One of the most stressful times in an entrepreneur’s life is when they prepare to sell their business. Whether the reasons are family-related, financially motivated or just retirement, there is always a certain amount of fear about the unknown. If you are considering a business listing in a “for sale by owner” directory, or placing an ad in an industry publication, you might want to do some homework first.
According to a recent article in Entrepreneur, “4 Things to Do Before You Sell Your Business” (by Brian Patrick Eha), sales of small business rose last year and brokers are expecting even more robust sales in 2013. This information was gathered in a recent survey released by BizBuySell, an online business marketplace. The article also warns that last year’s spike in business sales was prompted by concerns over the fiscal cliff and then furthered by the expected cost implications of a second term for President Obama.
How long does it take to prepare a business for sale?
Selling a company is not the same as selling a residence. With a home, you might just need to install some new carpeting, plant some flowers and freshen up the paint; but with a business the preparations can be far more time-consuming. According to most business brokers, the right time to start preparing a business for sale is about two years beforehand. The more you prepare in advance, the more likely you are to get close to your asking price. Given the fact that it typically take 6 to 9 months for a business to sell, if you expect there to be a limited pool of potential buyers you might even want to start sooner. Keep in mind that there are several steps that should be taken before listing a business on the market.
Before you list your business for sale, here is what needs to be done:
1. Get your books in order. In order to be certain that your business is performing as smoothly and profitably as possible, you will need to do a thorough assessment of finances and operations. In other words, get your house in order! Now is the time to assess expenditures, cash flow, tax strategies and many other elements of your business’ operations to determine if they are optimal.
2. Timing is everything. It’s always much easier to sell your business when things are going well. For seasonal businesses especially, owners should seek to sell soon after their busy season begins. With a little advance planning, you won’t find yourself desperate to make a deal during a slump.
3. Ask the experts. Don’t ever think that seeking expert assistance is something to be ashamed about. You will probably need help just getting to a buyer-friendly price, or structuring the sale in a way that makes sense from a tax perspective. Consult your accountant or consider hiring a business broker to handle the details of the sale.
4. Find ways to demonstrate a bright future for the business. The number one motivator for someone to buy your business is your proven track record, but they should also be looking at future potential. Most business brokers will put together a “growth strategy” to show potential buyers. With your intimate knowledge of the operations of your business you can point out opportunities for a buyer to expand the business further. While this might take a few days to complete, a growth strategy may pay substantial dividends in a sale.

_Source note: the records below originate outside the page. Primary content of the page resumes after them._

(* Let $m>l\ge1$ be integers and let $Q=(q_{ij})$ be an $m\times l$ real matrix such that for each $j=1,\dots,l$, $q_{jj}>\sum_{i\ne j,\,1\le i\le m}|q_{ij}|$. Let $\mathcal A$ be the set of all $l\times l$ submatrices of $Q$ (obtained by selecting $l$ of its $m$ rows), and let $S_1\in\mathcal A$ be the matrix formed by the first $l$ rows of $Q$. Then $\det S_1=\max_{S\in\mathcal A}|\det S|$. *)

theory Defs
  imports Main "Jordan_Normal_Form.Determinant" "Jordan_Normal_Form.DL_Submatrix"
begin

end

theory Submission
  imports Defs
begin

text \<open>Write \<open>q i j = Q $$ (i, j)\<close>. By column diagonal dominance the pivot \<open>q 0 0\<close> is positive and
exceeds the sum of the absolute values of the rest of its column. Clearing the pivot row by column
operations leaves a Schur complement that is again column diagonally dominant, and every \<open>l \<times> l\<close>
row selection expands along its first column into minors of that complement. If the pivot row is
selected, only its term survives, giving \<open>q 0 0\<close> times a minor; otherwise the expansion is bounded
by \<open>D\<close> times the sum of \<open>\<bar>q k 0\<bar>\<close> over the selected rows \<open>k \<noteq> 0\<close>, hence by \<open>q 0 0 \<cdot> D\<close>, where
\<open>D > 0\<close> is the leading minor of the complement, which by induction bounds all its minors. The
leading minor of \<open>Q\<close> itself equals \<open>q 0 0 \<cdot> D\<close>.\<close>

definition rows_mat :: "nat \<Rightarrow> (nat \<Rightarrow> nat \<Rightarrow> 'a) \<Rightarrow> (nat \<Rightarrow> nat) \<Rightarrow> 'a mat" where
  "rows_mat n q g = mat n n (\<lambda>(i, j). q (g i) j)"

(* Row k after subtracting q 0 (Suc j) / q 0 0 times column 0 from each column Suc j and then
   dropping column 0: rows 1.. form the Schur complement of the pivot, row 0 becomes zero. *)
definition col_elim :: "(nat \<Rightarrow> nat \<Rightarrow> 'a::field) \<Rightarrow> nat \<Rightarrow> nat \<Rightarrow> 'a" where
  "col_elim q k j = q k (Suc j) - q 0 (Suc j) / q 0 0 * q k 0"

definition col_diag_dominant :: "nat \<Rightarrow> nat \<Rightarrow> (nat \<Rightarrow> nat \<Rightarrow> real) \<Rightarrow> bool" where
  "col_diag_dominant m l q \<longleftrightarrow> (\<forall>j<l. q j j > (\<Sum>i\<in>{0..<m} - {j}. \<bar>q i j\<bar>))"

lemma rows_mat_carrier [simp]: "rows_mat n q g \<in> carrier_mat n n"
  by (simp add: rows_mat_def)

lemma det_subtract_first_column_multiples:
  fixes A :: "'a::comm_ring_1 mat"
  assumes A: "A \<in> carrier_mat n n"
  shows "det (mat n n (\<lambda>(i, j). if j = 0 then A $$ (i, 0) else A $$ (i, j) - c j * A $$ (i, 0))) = det A"
proof -
  define C :: "'a mat" where "C = mat n n (\<lambda>(i, j). if i = j then 1 else if i = 0 then - c j else 0)"
  have C: "C \<in> carrier_mat n n" by (simp add: C_def)
  have "det C = 1"
  proof -
    have "upper_triangular C" by (auto simp: upper_triangular_def C_def)
    moreover have "diag_mat C = replicate n 1"
      by (simp add: diag_mat_def C_def list_eq_iff_nth_eq)
    ultimately show ?thesis using det_upper_triangular[OF _ C] by simp
  qed
  moreover have "A * C = mat n n (\<lambda>(i, j). if j = 0 then A $$ (i, 0) else A $$ (i, j) - c j * A $$ (i, 0))"
  proof (rule eq_matI)
    fix i j assume "i < dim_row (mat n n (\<lambda>(i, j). if j = 0 then A $$ (i, 0) else A $$ (i, j) - c j * A $$ (i, 0)))"
      and "j < dim_col (mat n n (\<lambda>(i, j). if j = 0 then A $$ (i, 0) else A $$ (i, j) - c j * A $$ (i, 0)))"
    then have i: "i < n" and j: "j < n" by auto
    have "(A * C) $$ (i, j) = (\<Sum>k<n. A $$ (i, k) * C $$ (k, j))"
      using i j A C by (simp add: scalar_prod_def lessThan_atLeast0)
    also have "\<dots> = (\<Sum>k<n. (if k = j then A $$ (i, j) else 0) - (if k = 0 \<and> j \<noteq> 0 then c j * A $$ (i, 0) else 0))"
      by (rule sum.cong) (use j in \<open>auto simp: C_def\<close>)
    also have "\<dots> = (if j = 0 then A $$ (i, 0) else A $$ (i, j) - c j * A $$ (i, 0))"
      using j by (simp add: sum_subtractf)
    finally show "(A * C) $$ (i, j) = mat n n (\<lambda>(i, j). if j = 0 then A $$ (i, 0) else A $$ (i, j) - c j * A $$ (i, 0)) $$ (i, j)"
      using i j by simp
  qed (use A C in auto)
  ultimately show ?thesis using det_mult[OF A C] by simp
qed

No matter how much you try to sell someone on the attributes of your business, it won’t help much if they are not a qualified prospect. Find a qualified pool of potential buyers by listing with an online business-to-business marketplace. While you’re at it, take some time to peruse the site and see how other businesses are marketing themselves in your industry. By taking these additional steps, you can increase demand for your business while at the same time demonstrating value.